I shine the light downward as Daniel pries a small covering away to reveal another access panel. He presses the single button there and the ceiling slides open. Cool air hits my face.
“Almost there,” Daniel says and climbs out.
The hallway we’re standing in looks a lot like the one inside Rogen Tower. For a terrifying moment, I think we’re still inside the penthouse. That Daniel has somehow tricked us. Then, just as quickly the thought disappears. This hallway is too used, too dingy to be any part of the tower. The burgundy carpet at my feet is thinner than anything Titus owns and stained in several places. The walls are scuffed, and the smell of sweat and soap mingle in the stuffy air.

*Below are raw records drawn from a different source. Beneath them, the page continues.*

lemma colour_around: "colour (i - 1) \<longleftrightarrow> colour (i + 1)"
proof (cases "l = 1")
  case True
  then show ?thesis using colour_add_l[of "i - 1"] colour_add_l[of i] by simp
next
  case False
  obtain w where w: "E (cv i) w" "w \<noteq> cv (i - 1)" "w \<noteq> cv (i + 1)"
    using third_neighbour[OF cv_in_V] by blast
  show ?thesis
  proof (cases "w \<in> set C")
    case True
    then obtain j where j: "0 \<le> j" "j < int n" "cv (i + j) = w" by (rule cv_offset)
    have "j \<noteq> 0" using w(1) j(3) E_irrefl by auto
    moreover have "j \<noteq> 1" using w(3) j(3) by auto
    moreover have "j \<noteq> int n - 1"
    proof
      assume "j = int n - 1"
      then have "i + j = i - 1 + int n" by simp
      then have "cv (i + j) = cv (i - 1)" by (metis cv_eq_iff mod_add_self2)
      then show False using w(2) j(3) by simp
    qed
    ultimately show ?thesis
      using colour_around_chord[of i j] w(1) j False l_ge_1 by simp
  next
    case False
    then show ?thesis using colour_around_off_cycle_neighbour w(1) by blast
  qed
qed

lemma colour_mod_2: "colour t \<longleftrightarrow> colour (t mod 2)"
proof -
  have "colour (s + 2) \<longleftrightarrow> colour s" for s
    using colour_around[of "s + 1"] by (simp add: algebra_simps)
  then show ?thesis by (rule periodic_int_mod[rotated]) simp
qed

lemma colour_eq_iff: "(colour s \<longleftrightarrow> colour t) \<longleftrightarrow> (colour 0 \<longleftrightarrow> colour 1) \<or> even (s - t)"
proof -
  have "t mod 2 = 0 \<or> t mod 2 = 1" "s mod 2 = 0 \<or> s mod 2 = 1" by presburger+
  moreover have "even (s - t) \<longleftrightarrow> s mod 2 = t mod 2" by presburger
  ultimately show ?thesis using colour_mod_2[of s] colour_mod_2[of t] by auto
qed

lemma path_to_cycle_drop: "path_to_cycle q r \<Longrightarrow> k < length q \<Longrightarrow> path_to_cycle (drop k q) r"
  unfolding path_to_cycle_def using is_path_drop[of V E q k] set_drop_subset[of k "butlast q"]
  by (auto simp: butlast_drop last_drop)

lemma path_to_cycle_colour: "path_to_cycle q r \<Longrightarrow> (hd q \<in> A) \<longleftrightarrow> colour (r + int (length q) - 1)"
proof (induction "length q" arbitrary: q rule: less_induct)
  case less
  have q_path: "is_path V E q" using less.prems by (simp add: path_to_cycle_def)
  then have "q \<noteq> []" "0 < length q" by (auto simp: is_path_def)
  show ?case
  proof (cases "length q \<le> l + 1")
    case True
    \<comment> \<open>Continue along the cycle until the combined path has length l.\<close>
    define m where "m = l + 1 - length q"
    have "length q + m = l + 1" "m < n" using True l_less \<open>0 < length q\<close> unfolding m_def by linarith+
    then have "(hd q \<in> A) \<longleftrightarrow> colour (last [r..r + int m])"
      by (intro colour_path_then_cycle_walk[where lo = r])
        (use less.prems in \<open>auto simp: hd_upto walk_edges_arc\<close>)
    also have "\<dots> \<longleftrightarrow> colour (r + 1 - int (length q))"
      using colour_add_l[of "r + 1 - int (length q)"] True
      by (simp add: last_upto m_def algebra_simps of_nat_diff)
    also have "\<dots> \<longleftrightarrow> colour (r + int (length q) - 1)"
      using colour_eq_iff[of "r + 1 - int (length q)" "r + int (length q) - 1"] by auto
    finally show ?thesis .
  next
    case False
    have "is_path V E (take (l + 1) q)" using is_path_take[OF q_path] by simp
    moreover have "path_length (take (l + 1) q) = l" using False by (simp add: path_length_def)
    moreover have "hd (take (l + 1) q) = hd q" by simp
    moreover have "last (take (l + 1) q) = q ! l"
      using False by (simp add: take_Suc_conv_app_nth)
    ultimately have "(hd q \<in> A) \<longleftrightarrow> q ! l \<in> A" using same_side by metis
    also have "\<dots> \<longleftrightarrow> colour (r + int (length (drop l q)) - 1)"
      using less.hyps[of "drop l q"] path_to_cycle_drop[OF less.prems] False l_ge_1
      by (simp add: hd_drop_conv_nth)
    also have "\<dots> \<longleftrightarrow> colour (r + int (length q) - 1)"
      using colour_add_l[of "r + int (length (drop l q)) - 1"] False
      by (simp add: of_nat_diff algebra_simps)
    finally show ?thesis .
  qed
qed

lemma path_to_cycle_exists:
  assumes "v \<in> V"
  obtains q r where "path_to_cycle q r" "hd q = v"
proof -
  have "hd C \<in> V" using cycle C_nonempty by (auto simp: is_cycle_def)
  then obtain p where p: "is_path V E p" "hd p = v" "last p = hd C"
    using connected assms by (auto simp: connected_graph_def)
  then have "last p \<in> set C" using C_nonempty by simp
  then obtain q where q: "is_path V E q" "hd q = v" "last q \<in> set C" "\<forall>x\<in>set (butlast q). x \<notin> set C"
    using path_first_entry[OF p(1)] p(2) by blast
  obtain r where "cv (0 + r) = last q" using cv_offset[OF q(3)] by blast
  then have "path_to_cycle q r" using q by (simp add: path_to_cycle_def)
  then show ?thesis using that q(2) by blast
qed

lemma edge_colour_path_to_cycle:
  assumes "path_to_cycle (x # q) r" "q \<noteq> []"
  shows "((x \<in> A) \<longleftrightarrow> (hd q \<in> A)) \<longleftrightarrow> (colour 0 \<longleftrightarrow> colour 1)"
proof -
  have "path_to_cycle q r" using path_to_cycle_drop[OF assms(1), of 1] assms(2) by simp
  then have "(x \<in> A) \<longleftrightarrow> colour (r + int (length q) - 1 + 1)" "(hd q \<in> A) \<longleftrightarrow> colour (r + int (length q) - 1)"
    using path_to_cycle_colour assms(1) by fastforce+
  then show ?thesis using colour_eq_iff[of "r + int (length q) - 1 + 1" "r + int (length q) - 1"] by auto
qed

lemma edge_colour_off_cycle:
  assumes uv: "E u v" and u: "u \<notin> set C"
  shows "((u \<in> A) \<longleftrightarrow> (v \<in> A)) \<longleftrightarrow> (colour 0 \<longleftrightarrow> colour 1)"
proof -
  obtain q r where q: "path_to_cycle q r" "hd q = v"
    using path_to_cycle_exists E_in_V[OF uv] by blast
  have q_path: "is_path V E q" using q(1) by (simp add: path_to_cycle_def)
  then have "q \<noteq> []" by (simp add: is_path_def)
  show ?thesis
  proof (cases "u \<in> set q")
    case False
    then have "path_to_cycle (u # q) r"
      using q uv u \<open>q \<noteq> []\<close> E_in_V[OF uv] by (auto simp: path_to_cycle_def is_path_def walk_edges_Cons)
    then show ?thesis using edge_colour_path_to_cycle \<open>q \<noteq> []\<close> q(2) by blast
  next
    case True
    \<comment> \<open>Then the edge closes a cycle with q; restart q at u and prepend v instead.\<close>
    then obtain s where s: "s < length q" "q ! s = u" by (auto simp: in_set_conv_nth)
    have "s \<noteq> 0" using s q(2) \<open>q \<noteq> []\<close> uv E_irrefl by (metis hd_conv_nth)
    have "v \<in> set (take s q)" using \<open>s \<noteq> 0\<close> q(2) \<open>q \<noteq> []\<close> by (cases q; cases s) auto
    then have "v \<notin> set (drop s q)" using q_path set_take_disj_set_drop_if_distinct
      by (fastforce simp: is_path_def)
    moreover have "v \<notin> set C"
    proof -
      have "v \<in> set (butlast q)" using s \<open>s \<noteq> 0\<close> q(2) by (cases q) auto
      then show ?thesis using q(1) by (simp add: path_to_cycle_def)
    qed
    moreover have "hd (drop s q) = u" "drop s q \<noteq> []" using s by (simp_all add: hd_drop_conv_nth)
    ultimately have "path_to_cycle (v # drop s q) r"
      using path_to_cycle_drop[OF q(1) s(1)] E_sym[OF uv] E_in_V[OF uv]
      by (auto simp: path_to_cycle_def is_path_def walk_edges_Cons)
    then show ?thesis using edge_colour_path_to_cycle \<open>hd (drop s q) = u\<close> \<open>drop s q \<noteq> []\<close> by blast
  qed
qed

lemma edge_colour_chord:
  assumes chord: "E (cv a) (cv (a + j))" and "0 < j" "j < int n"
  shows "(colour a \<longleftrightarrow> colour (a + j)) \<longleftrightarrow> (colour 0 \<longleftrightarrow> colour 1)"
proof (cases "colour 0 \<longleftrightarrow> colour 1")
  case True
  then show ?thesis using colour_eq_iff by blast
next
  case False
  define x where "x = max 0 (int l - int n + j)"
  have "colour (a + x) \<longleftrightarrow> colour (a + j + (int l - 1 - x))"
    using assms l_ge_1 l_less by (intro colour_chord_down_up[OF chord]) (auto simp: x_def)
  then have "even (j + int l - 1 - 2 * x)"
    using False colour_eq_iff[of "a + x" "a + j + (int l - 1 - x)"] by (simp add: algebra_simps)
  moreover have "even (int l)" using False colour_eq_iff[of "0 + int l" 0] colour_add_l[of 0] by simp
  ultimately have "odd j" by presburger
  then show ?thesis using False colour_eq_iff[of a "a + j"] by simp
qed

lemma edge_colour:
  assumes uv: "E u v"
  shows "((u \<in> A) \<longleftrightarrow> (v \<in> A)) \<longleftrightarrow> (colour 0 \<longleftrightarrow> colour 1)"
proof (cases "u \<in> set C \<and> v \<in> set C")
  case True
  obtain a where a: "cv (0 + a) = u" using cv_offset True by blast
  obtain j where j: "0 \<le> j" "j < int n" "cv (a + j) = v" using cv_offset True by blast
  have "j \<noteq> 0" using a j(3) uv E_irrefl by auto
  then show ?thesis using edge_colour_chord[of a j] a j uv by (simp add: colour_def)
next
  case False
  then show ?thesis using edge_colour_off_cycle uv E_sym by blast
qed

lemma edges_monochromatic_or_alternating:
  "(\<forall>u v. E u v \<longrightarrow> (u \<in> A \<longleftrightarrow> v \<in> A)) \<or> (\<forall>u v. E u v \<longrightarrow> (u \<in> A \<longleftrightarrow> v \<notin> A))"
  using edge_colour by blast

end

theorem lemma3p2:
  fixes V :: "'a set" and E :: "'a \<Rightarrow> 'a \<Rightarrow> bool" and A B :: "'a set" and C :: "'a list"
  assumes "simple_graph V E"
    and "connected_graph V E"
    and "\<forall>x\<in>V. degree V E x \<ge> 3"
    and "A \<union> B = V" and "A \<inter> B = {}" and "A \<noteq> {}" and "B \<noteq> {}"
    and "is_cycle V E C"
    and "\<not> bipartite_with E A B"
  shows "\<forall>l::nat. 1 \<le> l \<and> l < length C \<longrightarrow> (\<exists>p. is_AB_path V E A B p \<and> path_length p = l)"
proof (intro allI impI)
  fix l :: nat
  assume l: "1 \<le> l \<and> l < length C"
  show "\<exists>p. is_AB_path V E A B p \<and> path_length p = l"
  proof (rule ccontr)
    assume no_path: "\<nexists>p. is_AB_path V E A B p \<and> path_length p = l"
    have "hd p \<in> A \<longleftrightarrow> last p \<in> A" if p: "is_path V E p" "path_length p = l" for p
    proof -
      have "hd p \<in> V" "last p \<in> V" using p(1) by (auto simp: is_path_def)
      then show ?thesis using no_path p assms(4,5) by (auto simp: is_AB_path_def)
    qed
    then interpret same_side_paths V E A C l
      using assms l by unfold_locales auto
    obtain a b where "a \<in> A" "b \<in> B" using assms(6,7) by blast
    then have "\<exists>u v. E u v \<and> u \<in> A \<and> v \<notin> A"
      using connected_graph_crossing_edge[OF assms(2)] assms(4,5) by blast
    then have "\<forall>u v. E u v \<longrightarrow> (u \<in> A \<longleftrightarrow> v \<notin> A)"
      using edges_monochromatic_or_alternating by blast
    then have "bipartite_with E A B"
      using E_in_V assms(4,5) by (auto simp: bipartite_with_def)
    then show False using assms(9) by blast
  qed
qed

end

“Where are we?” I ask, wrinkling my nose.
“Housekeeping level. It’s two floors below Rogen Tower. It connects with the hidden basement. Come on.” Daniel leads us down the hall and I follow, matching his stance and staying close to the wall. Not that it would do us a bit of good if someone comes out of any of these doors. We’re completely exposed and there’s no denying that none of us belong here.
We pass a door marked “Laundry” and the hum of machinery buzzes from within. A pocket of warm air sneaks out from underneath, warming my toes. Daniel stops beside the door and pulls back on an access panel. The sign next to it says “Laundry chute.”
“No,” Linc says.
“What is it?” I ask.
Daniel ignores me in favor of arguing with Linc. “You have a better idea, samurai security man? We have to get out. We can’t use the front door. This is what I’ve got.”
“I’m not throwing her down a laundry tube. We have no idea what’s waiting at the bottom,” Linc says.
Daniel quirks a brow. “Uh, laundry?”
Linc scowls.
Despite his snappy words, I can see the fatigue lining Daniel’s eyes. His wounded arm hangs more limply at his side than the other. I can imagine the pain he’s in as my own arm pulses to the beat of my heart.
“Linc,” I say, laying a hand on his arm. “He’s right. There’s no other way.”